<<<<
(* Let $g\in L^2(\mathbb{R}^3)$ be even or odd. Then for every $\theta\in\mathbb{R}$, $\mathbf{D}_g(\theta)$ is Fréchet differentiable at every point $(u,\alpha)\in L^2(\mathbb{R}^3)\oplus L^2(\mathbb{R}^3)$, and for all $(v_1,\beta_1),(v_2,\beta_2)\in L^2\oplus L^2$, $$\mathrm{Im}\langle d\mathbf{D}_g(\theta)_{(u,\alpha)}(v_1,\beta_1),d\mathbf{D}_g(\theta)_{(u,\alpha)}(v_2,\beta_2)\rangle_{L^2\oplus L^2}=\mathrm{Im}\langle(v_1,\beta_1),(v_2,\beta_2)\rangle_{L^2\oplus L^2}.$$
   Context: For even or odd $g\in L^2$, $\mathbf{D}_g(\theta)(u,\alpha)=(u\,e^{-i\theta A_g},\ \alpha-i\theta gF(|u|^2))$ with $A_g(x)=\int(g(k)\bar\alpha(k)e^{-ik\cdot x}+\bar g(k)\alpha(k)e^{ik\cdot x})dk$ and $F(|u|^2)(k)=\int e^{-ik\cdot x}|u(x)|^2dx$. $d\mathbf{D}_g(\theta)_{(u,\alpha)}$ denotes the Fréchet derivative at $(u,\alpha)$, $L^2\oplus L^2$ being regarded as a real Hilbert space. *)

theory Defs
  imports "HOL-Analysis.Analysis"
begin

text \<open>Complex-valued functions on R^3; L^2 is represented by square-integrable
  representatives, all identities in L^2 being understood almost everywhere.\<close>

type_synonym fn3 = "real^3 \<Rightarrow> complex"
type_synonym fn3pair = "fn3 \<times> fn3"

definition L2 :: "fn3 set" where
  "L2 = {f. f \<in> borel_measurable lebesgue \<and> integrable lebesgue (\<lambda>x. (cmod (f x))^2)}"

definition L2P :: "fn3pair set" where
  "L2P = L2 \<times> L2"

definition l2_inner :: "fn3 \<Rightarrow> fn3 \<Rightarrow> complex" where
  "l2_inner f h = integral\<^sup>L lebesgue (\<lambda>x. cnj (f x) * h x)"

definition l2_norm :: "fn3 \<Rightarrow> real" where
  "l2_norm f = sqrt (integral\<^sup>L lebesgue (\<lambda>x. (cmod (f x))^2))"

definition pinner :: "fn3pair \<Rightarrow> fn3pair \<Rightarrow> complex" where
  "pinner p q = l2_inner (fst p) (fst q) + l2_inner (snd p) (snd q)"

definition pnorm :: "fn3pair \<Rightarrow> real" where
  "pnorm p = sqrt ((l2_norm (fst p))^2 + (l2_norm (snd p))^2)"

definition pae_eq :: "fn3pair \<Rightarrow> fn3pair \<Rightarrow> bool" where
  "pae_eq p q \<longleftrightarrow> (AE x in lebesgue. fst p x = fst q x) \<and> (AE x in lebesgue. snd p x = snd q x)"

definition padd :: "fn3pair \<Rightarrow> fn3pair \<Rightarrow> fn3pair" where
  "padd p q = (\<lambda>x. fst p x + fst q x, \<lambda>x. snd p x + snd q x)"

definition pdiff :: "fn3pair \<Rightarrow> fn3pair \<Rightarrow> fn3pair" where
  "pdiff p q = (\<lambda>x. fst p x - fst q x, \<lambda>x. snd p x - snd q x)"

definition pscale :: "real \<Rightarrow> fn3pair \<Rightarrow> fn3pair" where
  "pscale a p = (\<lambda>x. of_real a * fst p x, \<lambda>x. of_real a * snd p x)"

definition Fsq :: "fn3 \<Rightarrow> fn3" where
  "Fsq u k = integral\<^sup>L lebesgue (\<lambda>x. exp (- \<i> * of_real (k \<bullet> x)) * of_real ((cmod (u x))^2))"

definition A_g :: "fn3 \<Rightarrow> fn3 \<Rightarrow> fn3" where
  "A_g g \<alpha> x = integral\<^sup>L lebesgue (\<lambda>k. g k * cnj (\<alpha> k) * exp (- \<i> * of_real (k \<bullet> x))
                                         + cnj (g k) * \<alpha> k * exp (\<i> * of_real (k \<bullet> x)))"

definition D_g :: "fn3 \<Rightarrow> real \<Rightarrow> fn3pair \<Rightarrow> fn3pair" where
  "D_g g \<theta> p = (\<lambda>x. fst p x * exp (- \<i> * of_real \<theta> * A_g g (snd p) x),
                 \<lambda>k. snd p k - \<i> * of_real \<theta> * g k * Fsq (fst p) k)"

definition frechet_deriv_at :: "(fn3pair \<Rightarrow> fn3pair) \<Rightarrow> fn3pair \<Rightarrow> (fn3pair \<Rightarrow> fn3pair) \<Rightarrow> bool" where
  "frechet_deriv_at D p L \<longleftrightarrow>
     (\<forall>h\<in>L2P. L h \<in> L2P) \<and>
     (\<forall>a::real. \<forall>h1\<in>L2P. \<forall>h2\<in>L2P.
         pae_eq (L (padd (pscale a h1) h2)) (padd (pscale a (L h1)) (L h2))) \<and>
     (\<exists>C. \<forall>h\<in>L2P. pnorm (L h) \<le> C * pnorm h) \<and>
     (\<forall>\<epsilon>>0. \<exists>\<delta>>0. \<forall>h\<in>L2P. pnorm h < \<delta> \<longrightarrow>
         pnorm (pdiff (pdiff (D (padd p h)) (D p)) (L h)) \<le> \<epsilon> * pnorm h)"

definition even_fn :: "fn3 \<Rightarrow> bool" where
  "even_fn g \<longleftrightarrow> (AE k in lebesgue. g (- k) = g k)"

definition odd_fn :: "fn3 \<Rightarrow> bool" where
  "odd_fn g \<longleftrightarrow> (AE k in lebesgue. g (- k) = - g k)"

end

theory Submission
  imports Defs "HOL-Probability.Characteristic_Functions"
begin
>>>>
<<<<
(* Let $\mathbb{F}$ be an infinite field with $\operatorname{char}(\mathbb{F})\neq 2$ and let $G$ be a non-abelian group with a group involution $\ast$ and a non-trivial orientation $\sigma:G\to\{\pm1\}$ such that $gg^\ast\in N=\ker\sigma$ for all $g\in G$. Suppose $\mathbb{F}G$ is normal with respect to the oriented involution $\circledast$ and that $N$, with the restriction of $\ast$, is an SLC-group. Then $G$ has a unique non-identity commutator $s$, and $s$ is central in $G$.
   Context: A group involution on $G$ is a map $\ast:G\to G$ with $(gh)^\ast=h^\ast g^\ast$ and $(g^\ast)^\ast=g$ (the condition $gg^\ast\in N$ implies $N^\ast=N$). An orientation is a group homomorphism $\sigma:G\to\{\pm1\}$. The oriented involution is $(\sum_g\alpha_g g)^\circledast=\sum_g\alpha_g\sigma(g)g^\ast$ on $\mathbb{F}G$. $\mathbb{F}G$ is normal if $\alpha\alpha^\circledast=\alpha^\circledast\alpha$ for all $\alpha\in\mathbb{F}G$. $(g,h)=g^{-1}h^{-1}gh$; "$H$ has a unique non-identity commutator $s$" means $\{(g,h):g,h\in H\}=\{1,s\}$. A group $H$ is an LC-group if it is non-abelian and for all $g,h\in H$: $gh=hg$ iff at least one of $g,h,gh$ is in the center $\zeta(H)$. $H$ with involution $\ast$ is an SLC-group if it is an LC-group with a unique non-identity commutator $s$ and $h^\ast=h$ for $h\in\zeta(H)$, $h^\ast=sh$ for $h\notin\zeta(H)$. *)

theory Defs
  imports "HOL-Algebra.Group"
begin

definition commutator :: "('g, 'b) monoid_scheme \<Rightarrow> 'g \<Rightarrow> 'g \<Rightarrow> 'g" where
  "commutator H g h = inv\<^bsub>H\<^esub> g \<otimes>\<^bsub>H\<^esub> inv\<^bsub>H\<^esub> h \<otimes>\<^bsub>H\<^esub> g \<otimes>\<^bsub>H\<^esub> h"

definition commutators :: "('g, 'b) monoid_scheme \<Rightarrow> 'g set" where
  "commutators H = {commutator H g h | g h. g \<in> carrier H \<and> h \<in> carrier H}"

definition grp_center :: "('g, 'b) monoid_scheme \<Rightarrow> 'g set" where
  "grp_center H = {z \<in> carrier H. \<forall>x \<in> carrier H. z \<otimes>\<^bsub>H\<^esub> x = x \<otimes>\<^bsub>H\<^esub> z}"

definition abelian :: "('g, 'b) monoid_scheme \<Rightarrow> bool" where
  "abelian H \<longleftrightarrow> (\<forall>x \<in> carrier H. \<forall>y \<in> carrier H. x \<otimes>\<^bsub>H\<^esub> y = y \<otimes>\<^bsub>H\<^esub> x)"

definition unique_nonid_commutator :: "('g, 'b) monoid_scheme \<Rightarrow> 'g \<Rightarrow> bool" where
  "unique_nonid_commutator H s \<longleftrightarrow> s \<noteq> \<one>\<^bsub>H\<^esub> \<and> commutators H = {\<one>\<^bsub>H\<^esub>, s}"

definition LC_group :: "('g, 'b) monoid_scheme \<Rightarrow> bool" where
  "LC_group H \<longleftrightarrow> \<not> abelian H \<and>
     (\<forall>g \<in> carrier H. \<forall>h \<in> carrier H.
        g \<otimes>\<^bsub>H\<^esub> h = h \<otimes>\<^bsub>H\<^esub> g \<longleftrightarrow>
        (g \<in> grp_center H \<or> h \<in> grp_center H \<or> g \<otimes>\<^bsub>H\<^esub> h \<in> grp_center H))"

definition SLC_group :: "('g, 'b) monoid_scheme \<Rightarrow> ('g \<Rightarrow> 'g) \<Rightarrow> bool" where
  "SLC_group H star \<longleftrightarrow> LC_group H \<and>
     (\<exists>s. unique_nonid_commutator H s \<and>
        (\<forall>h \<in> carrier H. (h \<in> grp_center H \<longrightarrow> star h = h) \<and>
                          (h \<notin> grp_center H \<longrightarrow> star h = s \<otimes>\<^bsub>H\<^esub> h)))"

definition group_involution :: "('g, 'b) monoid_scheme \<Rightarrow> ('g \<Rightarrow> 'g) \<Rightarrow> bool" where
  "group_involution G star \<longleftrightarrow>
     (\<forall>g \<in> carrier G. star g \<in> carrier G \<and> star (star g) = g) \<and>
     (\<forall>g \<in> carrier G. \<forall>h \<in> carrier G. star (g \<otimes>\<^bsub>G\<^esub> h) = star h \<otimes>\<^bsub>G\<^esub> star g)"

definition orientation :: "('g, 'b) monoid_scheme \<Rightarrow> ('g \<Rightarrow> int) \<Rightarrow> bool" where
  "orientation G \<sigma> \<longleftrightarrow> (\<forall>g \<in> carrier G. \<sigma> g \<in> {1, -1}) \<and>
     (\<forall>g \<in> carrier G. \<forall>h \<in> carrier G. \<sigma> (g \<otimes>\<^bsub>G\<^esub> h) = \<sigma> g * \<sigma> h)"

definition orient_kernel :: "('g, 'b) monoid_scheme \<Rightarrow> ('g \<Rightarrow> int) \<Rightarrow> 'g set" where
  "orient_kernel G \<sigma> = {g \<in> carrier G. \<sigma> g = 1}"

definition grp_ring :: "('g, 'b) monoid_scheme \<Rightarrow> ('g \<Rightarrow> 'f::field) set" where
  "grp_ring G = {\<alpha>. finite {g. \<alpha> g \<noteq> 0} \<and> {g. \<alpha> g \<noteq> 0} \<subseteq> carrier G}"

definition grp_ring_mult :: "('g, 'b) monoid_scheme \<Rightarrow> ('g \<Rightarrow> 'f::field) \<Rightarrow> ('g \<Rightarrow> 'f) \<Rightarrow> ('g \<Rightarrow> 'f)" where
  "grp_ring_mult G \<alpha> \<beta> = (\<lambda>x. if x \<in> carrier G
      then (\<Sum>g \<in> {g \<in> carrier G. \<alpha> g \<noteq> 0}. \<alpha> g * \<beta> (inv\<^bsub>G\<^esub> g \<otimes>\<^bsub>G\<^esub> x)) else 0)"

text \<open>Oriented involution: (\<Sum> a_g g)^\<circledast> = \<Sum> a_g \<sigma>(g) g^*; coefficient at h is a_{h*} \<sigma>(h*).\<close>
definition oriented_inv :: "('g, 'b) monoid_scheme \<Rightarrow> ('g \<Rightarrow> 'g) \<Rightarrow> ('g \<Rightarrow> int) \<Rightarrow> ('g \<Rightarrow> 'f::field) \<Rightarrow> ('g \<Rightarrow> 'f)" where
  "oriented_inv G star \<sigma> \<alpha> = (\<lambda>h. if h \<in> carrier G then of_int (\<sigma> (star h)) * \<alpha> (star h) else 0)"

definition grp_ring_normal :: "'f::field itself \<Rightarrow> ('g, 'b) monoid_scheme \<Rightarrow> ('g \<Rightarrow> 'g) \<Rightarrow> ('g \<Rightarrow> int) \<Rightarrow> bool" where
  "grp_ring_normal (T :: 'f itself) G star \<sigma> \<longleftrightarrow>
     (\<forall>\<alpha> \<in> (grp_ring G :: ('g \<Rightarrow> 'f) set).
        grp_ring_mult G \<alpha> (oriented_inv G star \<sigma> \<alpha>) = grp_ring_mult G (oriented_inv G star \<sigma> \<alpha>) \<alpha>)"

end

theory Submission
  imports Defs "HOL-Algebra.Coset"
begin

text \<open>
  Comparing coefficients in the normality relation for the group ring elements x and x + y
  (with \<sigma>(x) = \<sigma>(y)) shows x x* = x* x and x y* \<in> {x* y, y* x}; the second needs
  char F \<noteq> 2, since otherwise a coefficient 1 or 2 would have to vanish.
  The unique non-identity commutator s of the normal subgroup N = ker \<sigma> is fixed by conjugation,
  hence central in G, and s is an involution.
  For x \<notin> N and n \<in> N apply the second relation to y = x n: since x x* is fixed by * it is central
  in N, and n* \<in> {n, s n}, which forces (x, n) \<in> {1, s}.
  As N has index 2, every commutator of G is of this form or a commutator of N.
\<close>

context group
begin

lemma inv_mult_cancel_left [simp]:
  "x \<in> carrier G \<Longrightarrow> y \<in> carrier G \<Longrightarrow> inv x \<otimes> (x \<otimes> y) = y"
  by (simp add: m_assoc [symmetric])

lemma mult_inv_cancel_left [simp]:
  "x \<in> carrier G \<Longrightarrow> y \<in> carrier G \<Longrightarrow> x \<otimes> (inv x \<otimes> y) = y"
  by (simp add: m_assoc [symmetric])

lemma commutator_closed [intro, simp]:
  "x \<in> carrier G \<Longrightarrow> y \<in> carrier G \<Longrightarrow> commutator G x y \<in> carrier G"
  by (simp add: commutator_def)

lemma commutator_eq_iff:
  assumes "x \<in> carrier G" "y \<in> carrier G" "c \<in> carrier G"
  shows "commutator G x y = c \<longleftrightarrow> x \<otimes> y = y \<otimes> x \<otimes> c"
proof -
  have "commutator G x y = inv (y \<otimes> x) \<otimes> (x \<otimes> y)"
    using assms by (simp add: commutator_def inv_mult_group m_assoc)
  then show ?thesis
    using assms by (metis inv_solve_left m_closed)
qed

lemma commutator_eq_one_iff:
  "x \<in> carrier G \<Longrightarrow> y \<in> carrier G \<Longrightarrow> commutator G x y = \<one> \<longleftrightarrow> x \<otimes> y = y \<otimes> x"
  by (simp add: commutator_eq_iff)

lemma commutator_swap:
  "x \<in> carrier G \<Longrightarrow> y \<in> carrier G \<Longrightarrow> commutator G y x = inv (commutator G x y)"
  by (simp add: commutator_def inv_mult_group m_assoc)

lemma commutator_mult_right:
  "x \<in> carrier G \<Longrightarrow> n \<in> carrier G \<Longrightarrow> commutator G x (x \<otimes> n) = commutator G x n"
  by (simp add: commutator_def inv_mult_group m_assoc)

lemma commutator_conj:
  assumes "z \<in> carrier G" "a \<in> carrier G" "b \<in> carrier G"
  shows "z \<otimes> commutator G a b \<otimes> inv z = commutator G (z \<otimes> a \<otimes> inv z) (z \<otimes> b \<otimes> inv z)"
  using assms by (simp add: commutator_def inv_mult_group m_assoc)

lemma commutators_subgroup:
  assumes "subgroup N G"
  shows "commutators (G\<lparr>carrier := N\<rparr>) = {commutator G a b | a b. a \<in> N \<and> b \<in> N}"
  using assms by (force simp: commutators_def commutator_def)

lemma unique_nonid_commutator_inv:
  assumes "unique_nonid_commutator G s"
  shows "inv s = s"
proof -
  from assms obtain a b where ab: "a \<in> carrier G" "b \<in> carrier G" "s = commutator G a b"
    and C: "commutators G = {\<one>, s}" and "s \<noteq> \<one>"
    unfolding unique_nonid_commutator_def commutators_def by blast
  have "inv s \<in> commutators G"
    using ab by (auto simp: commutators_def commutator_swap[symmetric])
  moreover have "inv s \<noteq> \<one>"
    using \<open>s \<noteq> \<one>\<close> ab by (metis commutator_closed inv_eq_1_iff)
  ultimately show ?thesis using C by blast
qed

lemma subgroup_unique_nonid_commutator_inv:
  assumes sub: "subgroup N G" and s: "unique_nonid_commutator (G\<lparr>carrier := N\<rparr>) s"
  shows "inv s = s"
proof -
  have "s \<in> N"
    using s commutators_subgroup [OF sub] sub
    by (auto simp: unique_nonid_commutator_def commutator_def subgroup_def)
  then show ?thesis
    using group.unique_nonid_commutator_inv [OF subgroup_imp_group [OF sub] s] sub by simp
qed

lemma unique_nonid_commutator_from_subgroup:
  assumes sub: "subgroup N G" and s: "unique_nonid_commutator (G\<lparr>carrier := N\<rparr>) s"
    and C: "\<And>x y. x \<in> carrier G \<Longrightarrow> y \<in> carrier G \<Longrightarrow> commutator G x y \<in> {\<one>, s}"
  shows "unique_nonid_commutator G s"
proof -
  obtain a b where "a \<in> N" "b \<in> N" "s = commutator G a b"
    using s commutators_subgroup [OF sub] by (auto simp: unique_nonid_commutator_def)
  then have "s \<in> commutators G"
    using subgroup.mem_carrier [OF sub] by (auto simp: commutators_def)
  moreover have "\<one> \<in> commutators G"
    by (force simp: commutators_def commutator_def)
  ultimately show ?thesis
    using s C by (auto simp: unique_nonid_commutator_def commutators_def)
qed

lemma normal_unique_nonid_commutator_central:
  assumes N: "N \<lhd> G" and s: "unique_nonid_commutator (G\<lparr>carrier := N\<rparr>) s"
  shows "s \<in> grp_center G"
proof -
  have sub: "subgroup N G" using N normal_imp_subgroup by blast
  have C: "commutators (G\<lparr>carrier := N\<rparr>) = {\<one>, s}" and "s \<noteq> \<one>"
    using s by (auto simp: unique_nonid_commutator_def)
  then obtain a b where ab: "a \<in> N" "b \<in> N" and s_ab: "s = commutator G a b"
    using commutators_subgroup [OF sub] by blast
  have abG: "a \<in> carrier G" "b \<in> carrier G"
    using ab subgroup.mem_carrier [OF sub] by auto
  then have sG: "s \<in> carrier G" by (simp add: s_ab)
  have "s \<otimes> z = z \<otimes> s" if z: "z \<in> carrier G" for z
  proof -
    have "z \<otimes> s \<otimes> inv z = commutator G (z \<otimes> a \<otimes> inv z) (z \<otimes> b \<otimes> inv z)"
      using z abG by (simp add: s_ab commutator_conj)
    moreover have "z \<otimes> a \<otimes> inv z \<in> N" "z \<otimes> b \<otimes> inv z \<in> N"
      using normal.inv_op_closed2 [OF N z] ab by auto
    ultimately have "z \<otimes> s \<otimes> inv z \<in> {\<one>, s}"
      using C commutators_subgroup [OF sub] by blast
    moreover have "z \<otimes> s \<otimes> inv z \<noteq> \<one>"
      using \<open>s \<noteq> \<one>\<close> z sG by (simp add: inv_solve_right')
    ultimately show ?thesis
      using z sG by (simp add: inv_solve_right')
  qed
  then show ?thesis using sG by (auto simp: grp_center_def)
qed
>>>>
### [EXERCISE GOAL]
When you reach the line holding "monoid_scheme \<Rightarrow> 'g \<Rightarrow> 'g" in the records above, begin reproducing exactly, stop after the line holding "h = inv\<^bsub>H\<^esub>", and output nothing else.

### [TASK RESULT]
definition commutator :: "('g, 'b) monoid_scheme \<Rightarrow> 'g \<Rightarrow> 'g \<Rightarrow> 'g" where
  "commutator H g h = inv\<^bsub>H\<^esub> g \<otimes>\<^bsub>H\<^esub> inv\<^bsub>H\<^esub> h \<otimes>\<^bsub>H\<^esub> g \<otimes>\<^bsub>H\<^esub> h"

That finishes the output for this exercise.